Re: private vlan confusion

michael.mcmahon · ‎02-02-2023

It say that an isolated vlan can not communicate with another device on a port with the same isolated vlan so is it just point to point makes it a private vlan.

computer to switch then what is the purpose since it can not communicate on the same vlan I believe is it a typo error.

For I my pass knowledge of vlans is so the computer and equipment can communicate on the same vlans and that private isolated vlans are not routed I guess they don't use dot1q

Reza Sharifi · ‎02-02-2023

Have a look at this document for complete explanation.

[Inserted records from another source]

lemma tight_min_cost_inner_charge_ge:
  assumes weights: "\<And>x. w x \<in> {1, -3, 0}" and minus_three: "\<And>x. w x = -3 \<Longrightarrow> x = -H"
    and "\<forall>x\<in>#leaves t. w x = 1 \<longrightarrow> 0 < x \<and> 3 * x < H" and "min_cost_tree X t" and "tight w t"
    and "-1 \<le> charge w t" and "u \<in> inner_nodes t"
  shows "-1 \<le> charge w u"
  using assms(3-)
proof (induction t arbitrary: X u)
  case (Node l r)
  note ones = Node.prems(1) and min = Node.prems(2) and tight = Node.prems(3)
  consider "u = Node l r" | "u \<in> inner_nodes l" | "u \<in> inner_nodes r"
    using Node.prems(5) by auto
  then show ?case
  proof cases
    case 1
    then show ?thesis using Node.prems(4) by simp
  next
    case 2
    then obtain l1 l2 where "l = Node l1 l2" by (cases l) auto
    then have "-1 \<le> charge w l"
      using tight_min_cost_child_charge_ge[OF weights minus_three ones min tight] by blast
    then show ?thesis
      using Node.IH(1) 2 ones min_cost_tree_left[OF min] tight_NodeD(1)[OF weights tight] by simp
  next
    case 3
    then obtain r1 r2 where "r = Node r1 r2" by (cases r) auto
    moreover have "\<forall>x\<in>#leaves (Node r l). w x = 1 \<longrightarrow> 0 < x \<and> 3 * x < H"
      using ones by auto
    ultimately have "-1 \<le> charge w r"
      using tight_min_cost_child_charge_ge[of w H r l X] weights minus_three min tight
      by (simp add: min_cost_tree_Node_commute tight_Node_commute)
    then show ?thesis
      using Node.IH(2) 3 ones min_cost_tree_right[OF min] tight_NodeD(2)[OF weights tight] by simp
  qed
qed simp

lemma abs_sum_mset_le:
  fixes f :: "'a \<Rightarrow> 'b::ordered_ab_group_add_abs"
  assumes "M \<subseteq># X"
  shows "\<bar>\<Sum>x\<in>#M. f x\<bar> \<le> (\<Sum>x\<in>#X. \<bar>f x\<bar>)"
proof -
  have "\<bar>\<Sum>x\<in>#M. f x\<bar> \<le> (\<Sum>x\<in>#M. \<bar>f x\<bar>)"
    by (induction M) (auto intro: order_trans[OF abs_triangle_ineq])
  also have "\<dots> \<le> (\<Sum>x\<in>#M. \<bar>f x\<bar>) + (\<Sum>x\<in>#X - M. \<bar>f x\<bar>)"
    by (simp add: sum_mset_mono[of "X - M" "\<lambda>_. 0", simplified])
  also have "\<dots> = (\<Sum>x\<in>#X. \<bar>f x\<bar>)"
    using assms by (metis image_mset_union subset_mset.add_diff_inverse sum_mset.union)
  finally show ?thesis .
qed

definition deviation :: "(int \<Rightarrow> int) \<Rightarrow> int \<Rightarrow> int multiset \<Rightarrow> int" where
  "deviation w H X = (\<Sum>x\<in>#X. \<bar>3 * x - w x * H\<bar>)"

lemma deviation_nonneg: "0 \<le> deviation w H X"
  unfolding deviation_def by (induction X) auto

lemma aval_deviation_le:
  assumes "leaves t \<subseteq># X"
  shows "\<bar>3 * aval t - charge w t * H\<bar> \<le> deviation w H X"
proof -
  have "3 * aval t - charge w t * H = (\<Sum>x\<in>#leaves t. 3 * x - w x * H)"
    by (induction t) (auto simp: algebra_simps)
  then show ?thesis
    using abs_sum_mset_le[OF assms] by (simp add: deviation_def)
qed
lemma boxicity_le_card_dominating_complement:
  assumes G: "graph V E" and D: "dominating_edge_set (complement_edges V E) D"
  shows "boxicity V E \<le> card D"
proof -
  have "D \<subseteq> complement_edges V E" using D unfolding dominating_edge_set_def by blast
  moreover have "finite (complement_edges V E)"
    using G unfolding graph_def by (blast intro: graph_finite_edges graph_complement_edges)
  ultimately have "finite D" by (rule finite_subset)
  have non_edges: "\<exists>a b. d = {a, b} \<and> d \<notin> E" if "d \<in> D" for d
    using that \<open>D \<subseteq> complement_edges V E\<close> unfolding complement_edges_def by blast
  obtain F where F: "finite F" "card F \<le> card D"
      "\<forall>(l, r) \<in> F. interval_supergraph V E l r"
      "\<And>u v d. u \<noteq> v \<Longrightarrow> {u, v} \<notin> E \<Longrightarrow> d \<in> D \<Longrightarrow> {u, v} \<inter> d \<noteq> {} \<Longrightarrow>
        \<exists>(l, r) \<in> F. \<not> intervals_meet l r u v"
    using interval_supergraphs_separating_cover[OF \<open>finite D\<close> non_edges, where V = V] by blast
  have "boxicity V E \<le> card F"
  proof (rule boxicity_le_card_interval_supergraphs[OF F(1,3)])
    fix u v assume uv: "u \<in> V" "v \<in> V" "u \<noteq> v" "{u, v} \<notin> E"
    then have "{u, v} \<in> complement_edges V E" unfolding complement_edges_def by blast
    then have "\<exists>d \<in> D. {u, v} \<inter> d \<noteq> {}"
      using dominating_edge_set_meets[OF D] by blast
    then show "\<exists>(l, r) \<in> F. \<not> intervals_meet l r u v" using F(4) uv by blast
  qed
  with F(2) show ?thesis by simp
qed

lemma card_Union_edges_le:
  assumes "graph V E" and "D \<subseteq> E"
  shows "card (\<Union>D) \<le> 2 * card D"
proof -
  have "card (\<Union>D) \<le> (\<Sum>d \<in> D. card d)" by (rule card_Union_le_sum_card)
  also have "\<dots> = 2 * card D"
    using graph_edge_card[OF assms(1)] \<open>D \<subseteq> E\<close> by (simp add: subset_iff)
  finally show ?thesis .
qed

theorem theorem17:
  assumes "graph V E"
  shows "boxicity V E \<le> min (2 * MED E + 2) (MED (complement_edges V E))"
proof -
  obtain D where D: "dominating_edge_set E D" "card D = MED E"
    using MED_attained by blast
  obtain D' where D': "dominating_edge_set (complement_edges V E) D'"
    "card D' = MED (complement_edges V E)"
    using MED_attained by blast
  have "D \<subseteq> E" using D(1) unfolding dominating_edge_set_def by blast
  have "\<Union>D \<subseteq> V" using assms \<open>D \<subseteq> E\<close> unfolding graph_def by blast
  moreover have "e \<inter> \<Union>D \<noteq> {}" if "e \<in> E" for e
    using dominating_edge_set_meets[OF D(1) that] graph_edge_card[OF assms that] by fastforce
  ultimately have "boxicity V E \<le> card (\<Union>D) + 1"
    by (rule boxicity_le_card_vertex_cover[OF assms])
  also have "\<dots> \<le> 2 * MED E + 2"
    using card_Union_edges_le[OF assms \<open>D \<subseteq> E\<close>] D(2) by simp
  finally have "boxicity V E \<le> 2 * MED E + 2" .
  moreover have "boxicity V E \<le> MED (complement_edges V E)"
    using boxicity_le_card_dominating_complement[OF assms D'(1)] D'(2) by simp
  ultimately show ?thesis by simp
qed

end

https://learningnetwork.cisco.com/s/article/a-quick-summarized-view-to-private-vlan-pvlan-x

HTH

michael.mcmahon · ‎02-02-2023

so from the articles that other have sent me it is a typo for they were saying what I already knew and figured it was a error in the Cisco book I was reading to make private vlan

MHM Cisco World · ‎02-02-2023

You have company, and in company there are engineer and sales and financial departments.
now if you have one VLAN how you can prevent engineer and sales access financial department pc ?
for this case the private vlan design.

mlund · ‎02-08-2023

Another use case is a service provider connecting lots of customers. If each customer should have there own ip range and vlan, it would be a nightmare to separate all this. Instead they use one vlan and one ip range per site/location, all customers got an ip in the same range, but all ports are configured with private vlan. This results in each customer/appartment can reach internet, but can not reach it's neighbor.